- What is required -
How many lines in the listing below include the word "longleftrightarrow"? Reply with the count alone.

- Data listing -
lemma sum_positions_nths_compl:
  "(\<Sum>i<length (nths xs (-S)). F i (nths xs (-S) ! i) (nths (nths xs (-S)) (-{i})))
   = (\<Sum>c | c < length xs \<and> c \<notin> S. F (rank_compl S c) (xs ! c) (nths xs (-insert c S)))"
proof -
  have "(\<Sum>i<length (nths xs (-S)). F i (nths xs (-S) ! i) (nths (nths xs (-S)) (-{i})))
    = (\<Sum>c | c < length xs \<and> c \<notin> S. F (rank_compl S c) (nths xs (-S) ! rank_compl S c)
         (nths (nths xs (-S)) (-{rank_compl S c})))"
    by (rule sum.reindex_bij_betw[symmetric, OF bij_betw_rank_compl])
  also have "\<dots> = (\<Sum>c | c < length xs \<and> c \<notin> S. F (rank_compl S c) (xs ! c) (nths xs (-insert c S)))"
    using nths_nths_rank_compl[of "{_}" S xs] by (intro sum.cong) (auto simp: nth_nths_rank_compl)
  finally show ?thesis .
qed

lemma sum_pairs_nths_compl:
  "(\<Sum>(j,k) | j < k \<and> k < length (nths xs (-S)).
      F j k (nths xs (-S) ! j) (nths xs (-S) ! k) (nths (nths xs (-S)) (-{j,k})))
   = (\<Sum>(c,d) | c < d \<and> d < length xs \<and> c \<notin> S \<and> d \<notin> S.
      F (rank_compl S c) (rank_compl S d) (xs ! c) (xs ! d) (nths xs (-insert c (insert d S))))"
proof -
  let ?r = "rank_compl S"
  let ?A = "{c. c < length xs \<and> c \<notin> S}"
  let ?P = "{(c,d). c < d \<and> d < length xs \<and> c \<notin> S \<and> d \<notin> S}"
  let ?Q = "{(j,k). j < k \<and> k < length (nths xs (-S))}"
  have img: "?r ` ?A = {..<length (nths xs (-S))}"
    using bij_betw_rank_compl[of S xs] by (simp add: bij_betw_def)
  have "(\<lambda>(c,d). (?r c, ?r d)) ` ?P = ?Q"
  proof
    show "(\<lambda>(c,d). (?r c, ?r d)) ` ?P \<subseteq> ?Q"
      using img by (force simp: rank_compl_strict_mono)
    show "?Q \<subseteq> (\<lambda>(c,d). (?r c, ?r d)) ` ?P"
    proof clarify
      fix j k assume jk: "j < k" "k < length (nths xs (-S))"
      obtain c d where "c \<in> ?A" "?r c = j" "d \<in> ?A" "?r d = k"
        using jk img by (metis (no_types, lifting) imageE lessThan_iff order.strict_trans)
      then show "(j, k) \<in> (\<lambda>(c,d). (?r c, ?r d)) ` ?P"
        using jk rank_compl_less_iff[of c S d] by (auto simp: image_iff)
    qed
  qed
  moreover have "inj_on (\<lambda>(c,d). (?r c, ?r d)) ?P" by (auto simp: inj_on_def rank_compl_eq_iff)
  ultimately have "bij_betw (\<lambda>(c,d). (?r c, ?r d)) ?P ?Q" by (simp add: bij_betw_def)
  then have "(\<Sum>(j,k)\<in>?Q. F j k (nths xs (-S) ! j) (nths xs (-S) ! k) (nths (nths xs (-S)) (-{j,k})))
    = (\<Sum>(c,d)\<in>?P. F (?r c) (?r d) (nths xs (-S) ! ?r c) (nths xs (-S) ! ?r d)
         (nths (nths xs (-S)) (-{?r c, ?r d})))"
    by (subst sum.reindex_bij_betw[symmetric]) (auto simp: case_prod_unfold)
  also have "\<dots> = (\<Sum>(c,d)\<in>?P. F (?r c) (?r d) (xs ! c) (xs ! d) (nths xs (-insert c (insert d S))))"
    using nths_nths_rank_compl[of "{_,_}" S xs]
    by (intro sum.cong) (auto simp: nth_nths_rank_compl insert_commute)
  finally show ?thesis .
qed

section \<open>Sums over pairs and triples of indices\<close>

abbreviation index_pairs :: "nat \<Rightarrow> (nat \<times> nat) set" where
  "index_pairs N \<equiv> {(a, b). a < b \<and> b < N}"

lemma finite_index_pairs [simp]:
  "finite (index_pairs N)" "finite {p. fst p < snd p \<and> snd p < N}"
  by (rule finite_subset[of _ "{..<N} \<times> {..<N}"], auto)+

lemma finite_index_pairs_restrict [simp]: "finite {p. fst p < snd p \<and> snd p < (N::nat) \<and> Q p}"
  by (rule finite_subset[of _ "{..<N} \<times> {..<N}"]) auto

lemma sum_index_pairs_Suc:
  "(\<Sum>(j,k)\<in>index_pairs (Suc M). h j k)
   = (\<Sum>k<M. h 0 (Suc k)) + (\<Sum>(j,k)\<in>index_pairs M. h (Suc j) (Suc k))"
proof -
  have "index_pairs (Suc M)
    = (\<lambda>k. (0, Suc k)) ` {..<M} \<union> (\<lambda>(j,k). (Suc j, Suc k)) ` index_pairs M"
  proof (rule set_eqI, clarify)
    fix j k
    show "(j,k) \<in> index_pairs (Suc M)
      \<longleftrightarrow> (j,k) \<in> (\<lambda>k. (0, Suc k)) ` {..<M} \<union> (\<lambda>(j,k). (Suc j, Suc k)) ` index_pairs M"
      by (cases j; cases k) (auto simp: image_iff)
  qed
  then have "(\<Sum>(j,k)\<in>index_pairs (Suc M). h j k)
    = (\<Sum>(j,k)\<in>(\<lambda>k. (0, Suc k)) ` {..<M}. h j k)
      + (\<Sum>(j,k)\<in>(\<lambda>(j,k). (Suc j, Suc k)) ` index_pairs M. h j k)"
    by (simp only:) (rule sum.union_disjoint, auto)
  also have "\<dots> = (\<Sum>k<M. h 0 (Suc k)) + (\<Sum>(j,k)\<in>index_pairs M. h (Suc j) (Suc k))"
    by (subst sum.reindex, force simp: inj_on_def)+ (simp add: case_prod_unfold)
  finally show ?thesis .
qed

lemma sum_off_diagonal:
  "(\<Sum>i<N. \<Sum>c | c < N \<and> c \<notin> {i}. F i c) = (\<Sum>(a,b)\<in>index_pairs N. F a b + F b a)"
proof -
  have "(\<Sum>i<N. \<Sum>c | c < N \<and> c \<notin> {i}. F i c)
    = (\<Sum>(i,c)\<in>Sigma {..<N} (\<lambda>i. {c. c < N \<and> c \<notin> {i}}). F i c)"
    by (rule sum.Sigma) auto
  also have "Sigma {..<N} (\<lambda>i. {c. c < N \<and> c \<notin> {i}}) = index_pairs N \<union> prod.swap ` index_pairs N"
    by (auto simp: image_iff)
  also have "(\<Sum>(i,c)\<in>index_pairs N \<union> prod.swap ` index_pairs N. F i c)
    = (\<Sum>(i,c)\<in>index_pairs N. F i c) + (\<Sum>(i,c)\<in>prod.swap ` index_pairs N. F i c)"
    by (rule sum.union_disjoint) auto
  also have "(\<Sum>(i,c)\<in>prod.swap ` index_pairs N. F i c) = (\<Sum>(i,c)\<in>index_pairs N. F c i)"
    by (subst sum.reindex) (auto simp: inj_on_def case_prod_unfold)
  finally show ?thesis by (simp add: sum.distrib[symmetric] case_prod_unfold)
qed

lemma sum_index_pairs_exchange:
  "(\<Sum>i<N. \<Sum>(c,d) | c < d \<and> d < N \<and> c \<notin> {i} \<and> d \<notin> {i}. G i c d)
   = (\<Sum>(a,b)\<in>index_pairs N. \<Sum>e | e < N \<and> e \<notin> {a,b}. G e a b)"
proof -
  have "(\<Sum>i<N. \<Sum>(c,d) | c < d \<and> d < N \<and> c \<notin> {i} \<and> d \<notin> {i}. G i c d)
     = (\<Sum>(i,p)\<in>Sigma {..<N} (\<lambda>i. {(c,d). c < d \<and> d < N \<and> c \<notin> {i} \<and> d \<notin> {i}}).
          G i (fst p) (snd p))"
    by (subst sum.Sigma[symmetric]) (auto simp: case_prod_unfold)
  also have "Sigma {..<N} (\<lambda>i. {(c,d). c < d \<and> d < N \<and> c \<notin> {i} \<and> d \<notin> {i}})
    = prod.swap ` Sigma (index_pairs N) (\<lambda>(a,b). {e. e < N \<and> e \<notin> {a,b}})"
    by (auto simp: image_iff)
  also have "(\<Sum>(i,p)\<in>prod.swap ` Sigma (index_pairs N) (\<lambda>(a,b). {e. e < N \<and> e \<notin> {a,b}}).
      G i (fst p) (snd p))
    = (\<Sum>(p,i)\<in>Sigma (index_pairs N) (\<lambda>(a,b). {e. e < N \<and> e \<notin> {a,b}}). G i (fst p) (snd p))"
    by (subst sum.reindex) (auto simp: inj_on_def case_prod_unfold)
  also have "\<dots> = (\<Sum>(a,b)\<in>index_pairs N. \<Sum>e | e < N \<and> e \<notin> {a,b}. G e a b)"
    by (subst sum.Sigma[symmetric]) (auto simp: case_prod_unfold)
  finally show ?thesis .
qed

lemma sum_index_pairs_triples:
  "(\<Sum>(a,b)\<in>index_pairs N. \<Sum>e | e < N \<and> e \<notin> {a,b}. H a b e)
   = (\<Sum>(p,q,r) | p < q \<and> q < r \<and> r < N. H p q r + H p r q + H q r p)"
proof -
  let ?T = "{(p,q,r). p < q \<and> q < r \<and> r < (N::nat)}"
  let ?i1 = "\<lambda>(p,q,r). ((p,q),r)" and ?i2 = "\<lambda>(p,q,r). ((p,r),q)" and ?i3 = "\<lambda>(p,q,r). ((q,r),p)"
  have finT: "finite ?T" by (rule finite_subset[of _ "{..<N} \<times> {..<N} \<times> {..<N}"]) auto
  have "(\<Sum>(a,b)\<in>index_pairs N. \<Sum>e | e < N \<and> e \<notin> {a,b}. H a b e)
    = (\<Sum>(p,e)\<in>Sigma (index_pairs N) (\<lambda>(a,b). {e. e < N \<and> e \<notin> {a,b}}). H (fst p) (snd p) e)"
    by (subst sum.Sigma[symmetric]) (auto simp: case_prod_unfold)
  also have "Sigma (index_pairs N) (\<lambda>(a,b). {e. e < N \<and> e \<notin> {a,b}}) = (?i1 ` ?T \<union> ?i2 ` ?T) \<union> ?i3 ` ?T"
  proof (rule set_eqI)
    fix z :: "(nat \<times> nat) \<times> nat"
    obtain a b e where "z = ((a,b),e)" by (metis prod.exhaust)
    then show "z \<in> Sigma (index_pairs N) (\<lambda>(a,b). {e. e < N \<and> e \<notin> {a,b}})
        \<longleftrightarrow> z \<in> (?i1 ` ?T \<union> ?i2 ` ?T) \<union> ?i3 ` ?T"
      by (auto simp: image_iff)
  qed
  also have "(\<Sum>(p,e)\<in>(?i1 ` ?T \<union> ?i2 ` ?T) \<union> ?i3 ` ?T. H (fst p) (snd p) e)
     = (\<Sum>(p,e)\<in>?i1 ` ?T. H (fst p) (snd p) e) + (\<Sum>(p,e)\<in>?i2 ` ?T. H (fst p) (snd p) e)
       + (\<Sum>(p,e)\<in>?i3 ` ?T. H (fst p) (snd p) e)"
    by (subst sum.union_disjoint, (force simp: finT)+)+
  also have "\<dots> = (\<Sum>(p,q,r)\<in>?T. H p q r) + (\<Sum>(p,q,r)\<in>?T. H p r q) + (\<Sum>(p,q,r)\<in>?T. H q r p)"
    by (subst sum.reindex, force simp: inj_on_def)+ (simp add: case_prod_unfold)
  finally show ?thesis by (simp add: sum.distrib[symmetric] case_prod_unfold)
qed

* * *

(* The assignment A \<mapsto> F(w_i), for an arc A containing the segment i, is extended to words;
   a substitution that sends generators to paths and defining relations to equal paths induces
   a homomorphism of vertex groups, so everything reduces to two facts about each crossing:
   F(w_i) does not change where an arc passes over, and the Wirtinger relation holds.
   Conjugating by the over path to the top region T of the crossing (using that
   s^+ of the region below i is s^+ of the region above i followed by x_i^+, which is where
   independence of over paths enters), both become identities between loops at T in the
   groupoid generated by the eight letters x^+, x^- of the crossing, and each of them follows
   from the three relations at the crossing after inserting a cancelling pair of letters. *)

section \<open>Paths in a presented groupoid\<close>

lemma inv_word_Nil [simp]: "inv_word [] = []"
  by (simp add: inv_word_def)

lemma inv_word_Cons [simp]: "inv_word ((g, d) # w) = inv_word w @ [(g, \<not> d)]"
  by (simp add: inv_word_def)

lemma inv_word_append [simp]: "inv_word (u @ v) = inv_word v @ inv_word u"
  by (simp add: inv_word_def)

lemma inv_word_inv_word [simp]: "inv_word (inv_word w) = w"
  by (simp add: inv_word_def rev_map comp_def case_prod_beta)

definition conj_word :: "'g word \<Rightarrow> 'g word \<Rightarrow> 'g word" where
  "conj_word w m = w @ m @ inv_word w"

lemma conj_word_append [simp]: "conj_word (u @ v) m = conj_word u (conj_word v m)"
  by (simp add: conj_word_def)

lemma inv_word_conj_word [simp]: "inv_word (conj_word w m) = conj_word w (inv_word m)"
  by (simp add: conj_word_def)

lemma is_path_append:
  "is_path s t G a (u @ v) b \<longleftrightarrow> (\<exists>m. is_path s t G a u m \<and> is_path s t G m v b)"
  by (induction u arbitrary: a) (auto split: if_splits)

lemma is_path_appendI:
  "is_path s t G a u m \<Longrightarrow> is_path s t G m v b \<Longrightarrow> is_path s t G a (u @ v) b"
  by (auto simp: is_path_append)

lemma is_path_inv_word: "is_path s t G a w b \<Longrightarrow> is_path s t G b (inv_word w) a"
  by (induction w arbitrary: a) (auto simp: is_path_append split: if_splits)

- Answer box -
3